The underlying question is straightforward: the GMM industry in Mexico prices risk as a single block. A scheduled cesarean and a cancer treatment feed the same average cost. The CNSF data, 5.1 million claims and 95.9 million insured-years from 2020 to 2024, shows why that is a problem. The ambulatory level accounts for 46.5% of claims but only 19.9% of total spending. The alta especialidad level generates 26% of spending from just 12.9% of events. These are fundamentally different risk populations treated as one, and what we still don’t know is equally important: the shape of the severity distribution within each level. Level 3 almost certainly has heavier tails than Level 1; Level 2 is unknown territory in terms of kurtosis and distributional shape. Understanding those tails would change not just pricing but reserve decisions.

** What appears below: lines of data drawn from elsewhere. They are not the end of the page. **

(* Let $\mathcal{F}\subset K[x_1,\ldots,x_n]$ be a chordal polynomial set with $x_1<\cdots<x_n$ as a perfect elimination ordering. Then every node $(\mathcal{P},\mathcal{Q},i)$ of the Wang decomposition tree $\mathcal{N}(\mathcal{F})$ satisfies $G(\mathcal{P})\subseteq G(\mathcal{F})$.
   Context: Let $K$ be a field and $K[x_1,\ldots,x_n]$ the polynomial ring, with the variables ordered $x_1<\cdots<x_n$. For a polynomial $F$, $\mathrm{supp}(F)$ is the set of variables effectively appearing in $F$. For a set of polynomials $\mathcal{P}$, $\mathrm{supp}(\mathcal{P})=\bigcup_{F\in\mathcal{P}}\mathrm{supp}(F)$. For a nonconstant $F$, $\mathrm{lv}(F)$ is the greatest variable in $\mathrm{supp}(F)$. For a polynomial set $\mathcal{P}$ and $1\le i\le n$, $\mathcal{P}^{(i)}=\{P\in\mathcal{P}:\mathrm{lv}(P)=x_i\}$; constants belong to no $\mathcal{P}^{(i)}$. The associated graph $G(\mathcal{P})$ is the undirected graph whose vertex set is $\mathrm{supp}(\mathcal{P})$, with an edge between distinct $x_i,x_j$ iff some $F\in\mathcal{P}$ has $x_i,x_j\in\mathrm{supp}(F)$. For graphs, $G\subseteq G'$ means that $G$ is a subgraph of $G'$, i.e. both the vertex set and the edge set are contained. An ordering of the vertices of a graph is a perfect elimination ordering if, for every vertex $v$, the set consisting of $v$ and all neighbours of $v$ smaller than $v$ is a clique. A polynomial set $\mathcal{P}$ is called chordal with $x_1<\cdots<x_n$ as a perfect elimination ordering if the restriction of this ordering to $\mathrm{supp}(\mathcal{P})$ is a perfect elimination ordering of $G(\mathcal{P})$. For a nonconstant polynomial $F$ with $\mathrm{lv}(F)=x_k$, write $F=I x_k^d+R$ with $d=\deg(F,x_k)$, $I\in K[x_1,\ldots,x_{k-1}]$, and $\deg(R,x_k)<d$. Then $\mathrm{ini}(F)=I$ is the initial of $F$ and $\mathrm{tail}(F)=R$ is the tail of $F$. For $\mathrm{lv}(T)=x_i$, $\mathrm{prem}(P,T)$ is the pseudo-remainder of $P$ by $T$ with respect to $x_i$. The zero polynomial has empty support. Wang's decomposition tree: $\mathcal{N}(\mathcal{F})$ is the smallest set of triples $(\mathcal{P},\mathcal{Q},i)$, where $\mathcal{P},\mathcal{Q}$ are polynomial sets and $0\le i\le n$, satisfying the following: - $(\mathcal{F},\emptyset,n)\in\mathcal{N}(\mathcal{F})$. - If $(\mathcal{P},\mathcal{Q},i)\in\mathcal{N}(\mathcal{F})$ with $i\ge1$ and $\#\mathcal{P}^{(i)}>1$, then for every $T\in\mathcal{P}^{(i)}$ of minimal degree in $x_i$ among the elements of $\mathcal{P}^{(i)}$, both of the following triples belong to $\mathcal{N}(\mathcal{F})$: - the left child $\big((\mathcal{P}\setminus\mathcal{P}^{(i)})\cup\{T\}\cup\{\mathrm{prem}(P,T):P\in\mathcal{P}^{(i)}\},\ \mathcal{Q}\cup\{\mathrm{ini}(T)\},\ i\big)$; - the right child $\big((\mathcal{P}\setminus\{T\})\cup\{\mathrm{ini}(T),\mathrm{tail}(T)\},\ \mathcal{Q},\ i\big)$. - If $(\mathcal{P},\mathcal{Q},i)\in\mathcal{N}(\mathcal{F})$ with $i\ge1$ and $\#\mathcal{P}^{(i)}\le1$, then $(\mathcal{P},\mathcal{Q},i-1)\in\mathcal{N}(\mathcal{F})$. This set contains all triples occurring in Wang's method for triangular decomposition applied to $\mathcal{F}$. *)

theory Defs
  imports "HOL-Library.Poly_Mapping"
begin

(* Multivariate polynomials over a field: finitely supported maps from monomials
  (exponent vectors nat \<Rightarrow>0 nat, variable x_k has index k) to coefficients.
  The ordering x_1 < ... < x_n is the natural order of the indices. *)

type_synonym 'a mpoly = "(nat \<Rightarrow>\<^sub>0 nat) \<Rightarrow>\<^sub>0 'a"

definition var :: "nat \<Rightarrow> 'a::comm_ring_1 mpoly" where
  "var k = Poly_Mapping.single (Poly_Mapping.single k 1) 1"

definition vars :: "'a::zero mpoly \<Rightarrow> nat set" where
  "vars F = (\<Union>m \<in> Poly_Mapping.keys F. Poly_Mapping.keys m)"

definition vars_set :: "'a::zero mpoly set \<Rightarrow> nat set" where
  "vars_set P = (\<Union>F\<in>P. vars F)"

(* leading variable (meaningful for nonconstant F) *)
definition lv :: "'a::zero mpoly \<Rightarrow> nat" where
  "lv F = Max (vars F)"

definition level :: "'a::zero mpoly set \<Rightarrow> nat \<Rightarrow> 'a mpoly set" where
  "level P i = {F \<in> P. vars F \<noteq> {} \<and> lv F = i}"

definition deg :: "'a::zero mpoly \<Rightarrow> nat \<Rightarrow> nat" where
  "deg F k = Max (insert 0 ((\<lambda>m. Poly_Mapping.lookup m k) ` Poly_Mapping.keys F))"

definition coeff_in :: "'a::comm_ring_1 mpoly \<Rightarrow> nat \<Rightarrow> nat \<Rightarrow> 'a mpoly" where
  "coeff_in F k d = (\<Sum>m \<in> {m \<in> Poly_Mapping.keys F. Poly_Mapping.lookup m k = d}.
      Poly_Mapping.single (m - Poly_Mapping.single k d) (Poly_Mapping.lookup F m))"

definition ini :: "'a::comm_ring_1 mpoly \<Rightarrow> 'a mpoly" where
  "ini F = coeff_in F (lv F) (deg F (lv F))"

definition tail :: "'a::comm_ring_1 mpoly \<Rightarrow> 'a mpoly" where
  "tail F = F - ini F * var (lv F) ^ deg F (lv F)"

(* pseudo-remainder of P by T w.r.t. x_i = lv T: the unique R with
  ini(T)^(max(e-d+1,0)) P = Q T + R and deg(R,x_i) < d. *)
definition prem :: "'a::field mpoly \<Rightarrow> 'a mpoly \<Rightarrow> 'a mpoly" where
  "prem P T = (THE R. \<exists>Q. ini T ^ (deg P (lv T) + 1 - deg T (lv T)) * P = Q * T + R
                         \<and> deg R (lv T) < deg T (lv T))"

(* Associated graph G(P) as (vertex set, edge set); edges as ordered pairs (symmetric). *)
definition graph_verts :: "'a::zero mpoly set \<Rightarrow> nat set" where
  "graph_verts P = vars_set P"

definition graph_edges :: "'a::zero mpoly set \<Rightarrow> (nat \<times> nat) set" where
  "graph_edges P = {(a, b). a \<noteq> b \<and> (\<exists>F\<in>P. a \<in> vars F \<and> b \<in> vars F)}"

definition subgraph_of :: "'a::zero mpoly set \<Rightarrow> 'a mpoly set \<Rightarrow> bool" where
  "subgraph_of P F \<longleftrightarrow> graph_verts P \<subseteq> graph_verts F \<and> graph_edges P \<subseteq> graph_edges F"

definition chordal_peo :: "'a::zero mpoly set \<Rightarrow> bool" where
  "chordal_peo P \<longleftrightarrow> (\<forall>v \<in> graph_verts P.
     (let C = insert v {u. (u, v) \<in> graph_edges P \<and> u < v} in
      \<forall>a\<in>C. \<forall>b\<in>C. a \<noteq> b \<longrightarrow> (a, b) \<in> graph_edges P))"

inductive_set wang_tree :: "'a::field mpoly set \<Rightarrow> nat \<Rightarrow> ('a mpoly set \<times> 'a mpoly set \<times> nat) set"
  for F :: "'a mpoly set" and n :: nat where
  root: "(F, {}, n) \<in> wang_tree F n"
| left: "\<lbrakk>(P, Q, i) \<in> wang_tree F n; i \<ge> 1; card (level P i) > 1 \<or> infinite (level P i);
          T \<in> level P i; \<forall>P' \<in> level P i. deg T i \<le> deg P' i\<rbrakk>
         \<Longrightarrow> ((P - level P i) \<union> {T} \<union> {prem P' T | P'. P' \<in> level P i},
              Q \<union> {ini T}, i) \<in> wang_tree F n"
| right: "\<lbrakk>(P, Q, i) \<in> wang_tree F n; i \<ge> 1; card (level P i) > 1 \<or> infinite (level P i);
          T \<in> level P i; \<forall>P' \<in> level P i. deg T i \<le> deg P' i\<rbrakk>
         \<Longrightarrow> ((P - {T}) \<union> {ini T, tail T}, Q, i) \<in> wang_tree F n"
| down: "\<lbrakk>(P, Q, i) \<in> wang_tree F n; i \<ge> 1; finite (level P i); card (level P i) \<le> 1\<rbrakk>
         \<Longrightarrow> (P, Q, i - 1) \<in> wang_tree F n"

end

theory Submission
  imports Defs
begin

text \<open>
  By induction over the tree, every polynomial of every node has as its variable set a clique
  of \<open>G(F)\<close>. The right child only adds \<open>ini(T)\<close> and \<open>tail(T)\<close>, whose variables are among
  those of \<open>T\<close>. In the left child each \<open>prem(P, T)\<close> involves only variables of \<open>P\<close> and \<open>T\<close>;
  both are cliques with the common largest vertex \<open>x\<^sub>i\<close>, so they lie in the set consisting
  of \<open>x\<^sub>i\<close> and its smaller neighbours, which is a clique since \<open>x\<^sub>1 < \<dots> < x\<^sub>n\<close> is a perfect
  elimination ordering. The variable bound for \<open>prem\<close> needs that the pseudo-remainder, defined
  by uniqueness, is the one produced by the usual reduction; uniqueness holds because the
  degree in \<open>x\<^sub>k\<close> is additive under multiplication.
\<close>

lemma var_pow: "(var k :: 'a::comm_ring_1 mpoly) ^ j = Poly_Mapping.single (Poly_Mapping.single k j) 1"
proof (induction j)
  case (Suc j)
  have "(var k :: 'a mpoly) ^ Suc j = var k * var k ^ j" by simp
  also have "\<dots> = Poly_Mapping.single (Poly_Mapping.single k 1 + Poly_Mapping.single k j) 1"
    unfolding Suc.IH by (simp add: var_def mult_single)
  finally show ?case by (simp add: single_add[symmetric])
qed simp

GMM Explorer builds the classification that analysis is missing: 9,409 diagnoses distributed across three hospitalization levels, frequencies and severities by individual age and sex, and an interactive tariff calculator deployed on Vercel.

The three levels

The classification is not arbitrary; it reflects how differently each type of event consumes medical resources.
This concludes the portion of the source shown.